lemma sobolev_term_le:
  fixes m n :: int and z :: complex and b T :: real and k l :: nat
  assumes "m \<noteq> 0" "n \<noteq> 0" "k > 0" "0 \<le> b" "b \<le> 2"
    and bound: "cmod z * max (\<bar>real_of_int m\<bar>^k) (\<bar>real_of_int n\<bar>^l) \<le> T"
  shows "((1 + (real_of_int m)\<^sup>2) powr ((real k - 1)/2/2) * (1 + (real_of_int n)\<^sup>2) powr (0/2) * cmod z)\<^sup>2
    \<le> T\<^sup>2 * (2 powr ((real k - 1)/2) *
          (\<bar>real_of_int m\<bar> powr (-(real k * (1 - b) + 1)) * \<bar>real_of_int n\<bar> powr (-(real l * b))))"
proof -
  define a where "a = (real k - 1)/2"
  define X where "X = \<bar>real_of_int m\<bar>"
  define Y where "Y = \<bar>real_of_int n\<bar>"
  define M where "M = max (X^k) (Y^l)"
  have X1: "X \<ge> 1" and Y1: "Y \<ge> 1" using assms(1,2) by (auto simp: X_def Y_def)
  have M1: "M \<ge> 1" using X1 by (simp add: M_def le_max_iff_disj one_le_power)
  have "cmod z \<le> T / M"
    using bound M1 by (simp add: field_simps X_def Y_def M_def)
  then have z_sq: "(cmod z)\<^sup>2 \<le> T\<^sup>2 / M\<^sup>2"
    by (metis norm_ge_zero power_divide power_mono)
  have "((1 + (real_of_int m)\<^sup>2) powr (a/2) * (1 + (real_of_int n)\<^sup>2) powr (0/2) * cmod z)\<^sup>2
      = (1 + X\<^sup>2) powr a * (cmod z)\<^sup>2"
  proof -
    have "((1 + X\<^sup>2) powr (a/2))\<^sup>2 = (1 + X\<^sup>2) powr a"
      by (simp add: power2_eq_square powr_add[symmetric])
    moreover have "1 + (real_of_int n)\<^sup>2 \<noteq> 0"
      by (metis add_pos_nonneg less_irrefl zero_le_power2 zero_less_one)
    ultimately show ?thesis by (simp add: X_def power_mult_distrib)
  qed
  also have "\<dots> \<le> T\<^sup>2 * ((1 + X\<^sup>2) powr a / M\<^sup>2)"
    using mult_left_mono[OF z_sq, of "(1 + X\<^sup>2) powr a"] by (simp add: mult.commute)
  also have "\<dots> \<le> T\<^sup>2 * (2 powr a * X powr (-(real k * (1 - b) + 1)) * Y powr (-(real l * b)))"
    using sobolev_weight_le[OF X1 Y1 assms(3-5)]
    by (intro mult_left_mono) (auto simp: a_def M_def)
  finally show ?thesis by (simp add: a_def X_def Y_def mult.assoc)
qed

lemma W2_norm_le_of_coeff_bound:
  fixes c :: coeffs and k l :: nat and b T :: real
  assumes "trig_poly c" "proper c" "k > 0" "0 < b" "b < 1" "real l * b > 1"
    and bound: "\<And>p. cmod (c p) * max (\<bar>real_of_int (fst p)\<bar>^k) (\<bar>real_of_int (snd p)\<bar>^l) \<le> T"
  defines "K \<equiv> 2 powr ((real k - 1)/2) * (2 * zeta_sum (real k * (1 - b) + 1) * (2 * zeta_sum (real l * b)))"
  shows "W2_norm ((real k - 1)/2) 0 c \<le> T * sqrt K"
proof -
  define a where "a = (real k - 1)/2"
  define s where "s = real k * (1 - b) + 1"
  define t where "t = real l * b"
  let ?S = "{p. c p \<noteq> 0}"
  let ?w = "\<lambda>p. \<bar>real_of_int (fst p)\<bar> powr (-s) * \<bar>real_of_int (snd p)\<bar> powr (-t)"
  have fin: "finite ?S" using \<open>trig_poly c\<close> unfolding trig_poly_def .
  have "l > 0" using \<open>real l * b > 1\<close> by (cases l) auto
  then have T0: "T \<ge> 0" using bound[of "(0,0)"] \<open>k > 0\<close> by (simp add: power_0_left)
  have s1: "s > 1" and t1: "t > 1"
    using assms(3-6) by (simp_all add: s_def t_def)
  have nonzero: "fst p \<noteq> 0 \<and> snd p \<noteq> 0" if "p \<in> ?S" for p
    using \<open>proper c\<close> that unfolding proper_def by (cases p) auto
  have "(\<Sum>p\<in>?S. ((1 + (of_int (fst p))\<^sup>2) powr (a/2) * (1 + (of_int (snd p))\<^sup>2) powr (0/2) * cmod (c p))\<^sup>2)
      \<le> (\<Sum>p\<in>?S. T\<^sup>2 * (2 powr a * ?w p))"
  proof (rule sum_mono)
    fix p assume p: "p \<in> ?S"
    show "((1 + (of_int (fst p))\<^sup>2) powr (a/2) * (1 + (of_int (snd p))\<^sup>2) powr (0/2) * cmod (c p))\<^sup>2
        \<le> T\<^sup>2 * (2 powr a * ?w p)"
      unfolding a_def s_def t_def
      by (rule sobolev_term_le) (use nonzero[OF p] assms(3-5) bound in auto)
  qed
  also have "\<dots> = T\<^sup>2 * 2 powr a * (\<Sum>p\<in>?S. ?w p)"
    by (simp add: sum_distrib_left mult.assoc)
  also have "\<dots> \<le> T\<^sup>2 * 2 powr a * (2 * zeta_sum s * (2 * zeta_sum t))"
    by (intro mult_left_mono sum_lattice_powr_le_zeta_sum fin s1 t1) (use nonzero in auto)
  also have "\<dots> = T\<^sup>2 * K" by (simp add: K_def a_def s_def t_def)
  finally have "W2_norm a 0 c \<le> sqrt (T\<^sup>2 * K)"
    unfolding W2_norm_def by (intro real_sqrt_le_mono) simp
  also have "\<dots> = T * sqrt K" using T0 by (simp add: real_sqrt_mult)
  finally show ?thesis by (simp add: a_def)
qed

····················

For each line in the material above that contains the string "shows", make a copy.

  shows "((1 + (real_of_int m)\<^sup>2) powr ((real k - 1)/2/2) * (1 + (real_of_int n)\<^sup>2) powr (0/2) * cmod z)\<^sup>2
  shows "W2_norm ((real k - 1)/2) 0 c \<le> T * sqrt K"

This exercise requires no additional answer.